EFF tries to block litigation strategy by which 14,000+ P2P users have been sued - grellas
http://www.law.com/jsp/article.jsp?id=1202459212707&Rights_Groups_Enter_Illegal_Downloading_Fight

======
grellas
This is directly related to <http://news.ycombinator.com/item?id=1397342>
("The RIAA? Amateurs. Here's how you sue 14,000+ P2P users").

In essence, the litigation strategy followed here targets those who illegally
download films produced by indie filmmakers, sues them collectively as
fictitious or "Doe" defendants, uses subpoenas to ISPs to compel disclosures
of their true identities, and then sends demand letters telling those targeted
to pay $1,500 or so to settle up or face litigation that is almost a sure
losing proposition for them (I had discussed why I think this is so in a
commend or two made in the link above).

It now turns out that Time Warner Cable, instead of simply complying with the
subpoena it received, has moved to quash it and this has given EFF and other
rights groups a venue in which to argue that a collective suing of "Doe"
defendants in a remote forum with which the individuals being targeted have
little or no connection allegedly violates the rights of those individuals.

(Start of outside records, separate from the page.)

lemma g_inv_sub_one_le:
  assumes h: "0 < h" "h < g d 2 - 1"
  shows "g_inv d (1 + h) - 1
    \<le> 2 / (gconst d / real d) powr (2 / (real d + 1)) * h powr (2 / (real d + 1))"
proof -
  define K where "K = gconst d / real d"
  define r where "r = 2 / (real d + 1)"
  define s where "s = g_inv d (1 + h)"
  have K: "0 < K" using d gconst_pos[of d] by (simp add: K_def)
  have r: "0 < r" "(real d + 1) / 2 * r = 1" by (simp_all add: r_def)
  have s: "1 \<le> s" "g d s = 1 + h"
    using h g_inv_ge_one g_g_inv by (auto simp: s_def)
  have "s < 2"
    using s h strict_mono_on_less[OF strict_mono_on_g, of s 2] by simp
  have "s - 1 \<le> 2 / K powr r * h powr r"
  proof (cases "s = 1")
    case False
    then have "K * ((s - 1) / 2) powr ((real d + 1) / 2) \<le> h"
      using g_sub_one_ge[of s] s \<open>s < 2\<close> by (simp add: K_def)
    then have "(((s - 1) / 2) powr ((real d + 1) / 2)) powr r \<le> (h / K) powr r"
      using K r by (intro powr_mono2) (auto simp: field_simps)
    then have "(s - 1) / 2 \<le> h powr r / K powr r"
      using s K h r by (simp add: powr_powr powr_divide)
    then show ?thesis by (simp add: field_simps)
  qed (use h in simp)
  then show ?thesis by (simp add: s_def K_def r_def)
qed

lemma modulus_of_continuity_g_inv_bigo:
  "modulus_of_continuity (g_inv d) {1..} \<in> O[at_right 0](\<lambda>h. h powr (2 / (real d + 1)))"
proof (rule bigoI)
  have "0 < g d 2 - 1"
    using strict_mono_onD[OF strict_mono_on_g, of 1 2] g_one by simp
  then have "\<forall>\<^sub>F h in at_right 0. h \<in> {0<..<g d 2 - 1}"
    by (rule eventually_at_right_real)
  then show "\<forall>\<^sub>F h in at_right 0. norm (modulus_of_continuity (g_inv d) {1..} h)
      \<le> 2 / (gconst d / real d) powr (2 / (real d + 1)) * norm (h powr (2 / (real d + 1)))"
  proof (rule eventually_mono)
    fix h :: real assume h: "h \<in> {0<..<g d 2 - 1}"
    then show "norm (modulus_of_continuity (g_inv d) {1..} h)
        \<le> 2 / (gconst d / real d) powr (2 / (real d + 1)) * norm (h powr (2 / (real d + 1)))"
      using modulus_of_continuity_g_inv[of h] g_inv_sub_one_le[of h] g_inv_ge_one[of "1 + h"] by simp
  qed
qed

lemma g_inv_bigo: "g_inv d \<in> O(\<lambda>t. t)"
  by (rule concave_mono_bigo_id[OF mono_on_g_inv concave_on_g_inv])

end

theorem lemma2:
  fixes d :: nat
  assumes "d \<ge> 1"
  shows
    "g d ` {1..} \<subseteq> {1..}
     \<and> uniformly_continuous_on {1..} (g d)
     \<and> strict_mono_on {1..} (g d)
     \<and> convex_on {1..} (g d)
     \<and> g d 1 = 1
     \<and> filterlim (g d) at_top at_top
     \<and> (\<forall>t>1. (g d has_real_derivative
            gconst d * (1 / real d) * (1 - 1 / t\<^sup>2) powr ((real d - 1) / 2)) (at t))
     \<and> (\<lambda>t. g d t - 1) \<in> O[at_right 1](\<lambda>t. (t - 1) powr ((real d + 1) / 2))
     \<and> bij_betw (g d) {1..} {1..}
     \<and> (\<forall>h\<ge>0. modulus_of_continuity (g_inv d) {1..} h = g_inv d (1 + h) - 1)
     \<and> modulus_of_continuity (g_inv d) {1..} \<in> O[at_right 0](\<lambda>h. h powr (2 / (real d + 1)))
     \<and> g_inv d \<in> O[at_top](\<lambda>t. t)"
  using g_image[OF assms] lipschitz_on_uniformly_continuous[OF lipschitz_on_g[OF assms]]
    strict_mono_on_g[OF assms] convex_on_g[OF assms] g_one filterlim_g_at_top[OF assms]
    has_real_derivative_g[OF assms] g_sub_one_bigo[OF assms] bij_betw_g[OF assms]
    modulus_of_continuity_g_inv[OF assms] modulus_of_continuity_g_inv_bigo[OF assms]
    g_inv_bigo[OF assms]
  unfolding g'_def by auto

end
(* Let $d\ge 1$ and $r\ge 1$ be integers and let $f$ be a real-valued trigonometric polynomial on $[0,1]^d$ with $\hat f(\omega)=0$ whenever $\|\omega\|_\infty>2r$. Let $\bar f=\hat f(0)$ be its mean value and $f_\ast=\min_{x\in[0,1]^d}f(x)$. Then for every integer $s\ge 3r$, \[ 0\le f_\ast-c_\ast(f,s)\le \|f-\bar f\|_{\rm F}\Big[\Big(1-\frac{6r^2}{s^2}\Big)^{-d}-1\Big], \] and the right-hand side is equivalent to $\|f-\bar f\|_{\rm F}\cdot\frac{6r^2d}{s^2}$ as $s\to+\infty$ with $r,d,f$ fixed.
   Context: Functions on $[0,1]^d$ are identified with $1$-periodic functions on $\mathbb R^d$. Fourier coefficients: $\hat f(\omega)=\int_{[0,1]^d}f(x)e^{-2i\pi\omega^\top x}\,dx$ for $\omega\in\mathbb Z^d$. The F-norm is $\|f\|_{\rm F}=\sum_{\omega\in\mathbb Z^d}|\hat f(\omega)|$. A (complex) trigonometric polynomial of degree at most $s$ is a function $q(x)=\sum_{\omega\in\mathbb Z^d,\|\omega\|_\infty\le s}a_\omega e^{2i\pi\omega^\top x}$ with $a_\omega\in\mathbb C$. For a real-valued trigonometric polynomial $f$ and an integer $s\ge1$, $c_\ast(f,s)$ denotes the supremum of all $c\in\mathbb R$ such that $f-c=\sum_{j=1}^N|q_j|^2$ on $[0,1]^d$ for some finite family of trigonometric polynomials $q_j$ of degree at most $s$ (the value of the degree-$s$ sum-of-squares relaxation). *)

theory Defs
  imports "HOL-Analysis.Analysis" "HOL-Library.Landau_Symbols"
begin
lemma card_lamp_support_inv_le:
  assumes "x \<in> carrier Wr"
  shows "card (lamp_support (fst (inv\<^bsub>Wr\<^esub> x))) \<le> card (lamp_support (fst x))"
proof -
  obtain f b where x: "x = (f, b)" by (cases x)
  have fin: "finite (lamp_support f)" and b: "b \<in> carrier G"
    using assms x by (simp_all add: mem_wreath_carrier lamp_support_def)
  have "card (lamp_support (fst (inv\<^bsub>Wr\<^esub> x))) \<le> card ((\<lambda>\<delta>. inv\<^bsub>G\<^esub> b \<otimes>\<^bsub>G\<^esub> \<delta>) ` lamp_support f)"
    using lamp_support_inv_subset[OF b, of f] fin assms x by (intro card_mono) (auto simp: wreath_inv)
  also have "\<dots> \<le> card (lamp_support f)"
    by (rule card_image_le[OF fin])
  finally show ?thesis using x by simp
qed

lemma wr_top_hom: "wr_top H G \<in> hom G Wr"
  by (rule homI) (auto simp: wr_top_def wreath_mult mem_wreath_carrier intro!: ext)

lemma wr_base_mem: "a \<in> carrier H \<Longrightarrow> wr_base H G a \<in> carrier Wr"
  by (auto simp: wr_base_def mem_wreath_carrier)

lemma wr_gens_subset: "S \<subseteq> carrier G \<Longrightarrow> wr_gens H G S \<subseteq> carrier Wr"
  using wr_top_hom wr_base_mem by (auto simp: wr_gens_def hom_def)

lemma card_lamp_support_letter_le:
  assumes S: "S \<subseteq> carrier G" and t: "t \<in> wr_gens H G S \<union> m_inv Wr ` wr_gens H G S"
  shows "card (lamp_support (fst t)) \<le> 1"
proof -
  have gen: "card (lamp_support (fst s)) \<le> 1" if "s \<in> wr_gens H G S" for s
  proof -
    have "lamp_support (fst s) \<subseteq> {\<one>\<^bsub>G\<^esub>}"
      using that by (auto simp: wr_gens_def wr_top_def wr_base_def lamp_support_def)
    then show ?thesis
      using card_mono[of "{\<one>\<^bsub>G\<^esub>}"] by fastforce
  qed
  from t show ?thesis
  proof
    assume "t \<in> m_inv Wr ` wr_gens H G S"
    then obtain s where "s \<in> wr_gens H G S" "t = inv\<^bsub>Wr\<^esub> s" by blast
    then show ?thesis
      using gen card_lamp_support_inv_le wr_gens_subset[OF S] by (meson order_trans subsetD)
  qed (rule gen)
qed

In effect, the underlying litigation strategy being used here by those suing
for copyright infringement "plays the numbers" and depends on mass processing
for its effectiveness. As the article linked to above points out, the
estimated recovery on these claims to date approximates $20 million and the
strategy is obviously just beginning to gain traction, with many thousands
more being and about to be sued in this manner.

What EFF and others are trying to do is block the ability of the plaintiffs in
such cases to file in one convenient venue and use a single subpoena to gather
the identifying information easily and quickly. The arguments they raise
suggest that this violates due process rights belonging to the persons being
fictitiously sued and, therefore, that the plaintiffs should instead filed
individual suits against these people in the districts where they live.

It these arguments stick, it obviously would upend this whole strategy but, in
my view, the decades-long use of the "Doe" procedure, coupled with the fact
that it is obviously not possible to sue individuals in the districts in which
they live when you don't yet know their identities, makes it unlikely that the
court will go with this argument. It will be interesting to see how the court
rules.